I believe celery is fine. There was a thread a while ago, let me see if I can try and find it.


----------



## VectorSketcher (Jul 20, 2008)

Oh, that would be great thanks!


----------



## onyx'girl (May 18, 2007)

I would think in small chunk of celery is ok, but the strings could cause a problem if not small enough. Digestive juice should break it up, though. No nutritional value really. Apples are fine.
Dont feed raisins, grapes, onion, avacado.
I had an amazon parrot who got a crop blockage from eating raw green beans. My birds love them and they were fresh from the garden. Of course digestion is completely different, but I always think of this when feeding this type of roughage.


----------



## Nikkoli110 (Sep 9, 2008)

Here is the one I was thinking of! 

http://www.germanshepherds.com/forum/ubb...true#Post885245


----------



## DianaM (Jan 5, 2006)

I have given Renji TONS of celery. He's had it steamed, boiled, raw, frozen, in chunks and whole. If I give it to him whole, there's usually a celery massacre left for me to clean up. I've seen no ill effects.
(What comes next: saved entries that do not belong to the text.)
(* Let $A\in\mathbb{R}^{n\times d}$ have $i$-th row $y^{(i)}\mathbf{x}^{(i)\top}$ for data $\mathbf{x}^{(i)}\in\mathbb{R}^d$, $y^{(i)}\in\{-1,1\}$, and let $\alpha_t=t$. Consider: (Accelerated Perceptron.) $\mathbf{q}_0=\tfrac{\mathbf{1}}{n}$, $\mathbf{v}_0=\mathbf{0}$, $\mathbf{g}_0=\mathbf{0}$, $\theta_{t-1}=\frac{t}{2(t+1)}$, $\beta_t=\frac{t}{t+1}$; for $t=1,\dots,T$: $\mathbf{v}_t=\mathbf{v}_{t-1}-\theta_{t-1}(\mathbf{g}_{t-1}-A^{\top}\mathbf{q}_{t-1})$; $q_{t,i}=\frac{\exp(-y^{(i)}\mathbf{v}_t^{\top}\mathbf{x}^{(i)})}{\sum_{j=1}^n\exp(-y^{(j)}\mathbf{v}_t^{\top}\mathbf{x}^{(j)})}$ for $i\in[n]$; $\mathbf{g}_t=\beta_t(\mathbf{g}_{t-1}-A^{\top}\mathbf{q}_t)$. (Game dynamics.) $g(\mathbf{w},\mathbf{p})=\mathbf{p}^{\top}A\mathbf{w}-\tfrac12\|\mathbf{w}\|_2^2$, $\mathbf{p}_0=\tfrac{\mathbf{1}}{n}$, $h_j(\mathbf{w})=-g(\mathbf{w},\mathbf{p}_j)$, $\ell_j(\mathbf{p})=g(\mathbf{w}_j,\mathbf{p})$; for $t=1,\dots,T$: $\mathbf{w}_t=\arg\min_{\mathbf{w}\in\mathbb{R}^d}\sum_{j=1}^{t-1}\alpha_jh_j(\mathbf{w})+\alpha_th_{t-1}(\mathbf{w})$, then $\mathbf{p}_t=\arg\min_{\mathbf{p}\in\Delta^n}\tfrac14\sum_{s=1}^t\alpha_s\ell_s(\mathbf{p})+D_E(\mathbf{p},\tfrac{\mathbf{1}}{n})$; $\overline{\mathbf{w}}_T=\frac{\sum_{t=1}^T\alpha_t\mathbf{w}_t}{\sum_{t=1}^T\alpha_t}$. Then $\mathbf{q}_T=\mathbf{p}_T$ and $\mathbf{v}_T=\tfrac14\sum_{t=1}^T\alpha_t\mathbf{w}_t=\tfrac14\big(\sum_{t=1}^T\alpha_t\big)\overline{\mathbf{w}}_T$.
   Context: $\Delta^n$ is the probability simplex in $\mathbb{R}^n$; $\mathbf{1}$ the all-ones vector; $D_E(\mathbf{p},\mathbf{q})=\sum_ip_i\log(p_i/q_i)$ (KL divergence, the Bregman divergence of negative entropy). *)

theory Defs
  imports "HOL-Analysis.Analysis"
begin

definition data_matrix :: "('n \<Rightarrow> real^'d) \<Rightarrow> ('n \<Rightarrow> real) \<Rightarrow> real^'d^'n" where
  "data_matrix x y = (\<chi> i. y i *\<^sub>R x i)"

definition unif :: "real^'n" where
  "unif = (\<chi> i. 1 / real CARD('n))"

definition prob_simplex :: "(real^'n) set" where
  "prob_simplex = {p. (\<forall>i. 0 \<le> p $ i) \<and> (\<Sum>i\<in>UNIV. p $ i) = 1}"

text \<open>KL divergence (Bregman divergence of negative entropy); 0 log 0 = 0 holds automatically.\<close>
definition KL :: "real^'n \<Rightarrow> real^'n \<Rightarrow> real" where
  "KL p q = (\<Sum>i\<in>UNIV. p $ i * ln (p $ i / q $ i))"

definition alpha :: "nat \<Rightarrow> real" where
  "alpha t = real t"

definition perc_q :: "('n \<Rightarrow> real^'d) \<Rightarrow> ('n \<Rightarrow> real) \<Rightarrow> real^'d \<Rightarrow> real^'n" where
  "perc_q x y v = (\<chi> i. exp (- y i * (v \<bullet> x i)) / (\<Sum>j\<in>UNIV. exp (- y j * (v \<bullet> x j))))"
Apples are fine, just not the seeds. I think avocado is okay for dogs as well but in small quantities:

http://www.dogchannel.com/dog-news/2006_11/2006_11-08news002.aspx
"The primary concern in dogs is gastrointestinal irritation, including vomiting and diarrhea. *Typically, these effects are seen in dogs who have scavenged on significant quantities of fruit or branches."*

AvoDerm dog food uses avocado, here is their statement about their usage of avocado:
http://www.breeders-choice.com/dog_products/avoderm-natural-and-avocado-safety.htm


----------



## doggiedad (Dec 2, 2007)

i don't know about celery. does celery have any nutritional value? 
we give our dog apples. we slice them, take out the seeds and we cut that little center peice out of each slice. we put it in there food.


----------



## DianaM (Jan 5, 2006)

Celery doesn't really have a nutritional value, that's why it's so great! Your dog can have a snack or a treat without worrying it'll gain weight from it.








It's just a goodie.


----------



## Crabtree (Jan 6, 2006)

We have apple and pear trees on the property. They now are a property of Loki, he discovered them this fall and would go over and select the fruit of his choice, bring it back, sit with it between his paws and nibble away until it was gone. He would eat 4-5 a day and it had no ill effects on him. He had a bit of dierehha (sp?) when he first started but it cleared up in a day or two. 
Poor guy, there is a foot of snow on the ground and he still goes out everyday and checks to see if something good fell off the tree.

Palla was a carrot fiend when she was a pup. I think she had celery but made more of a mess scattering it around then eating it.


----------



## LisaT (Feb 7, 2005)

Celery is great for the kidneys.

And Max thinks it's just as good as liver....weird dog.


----------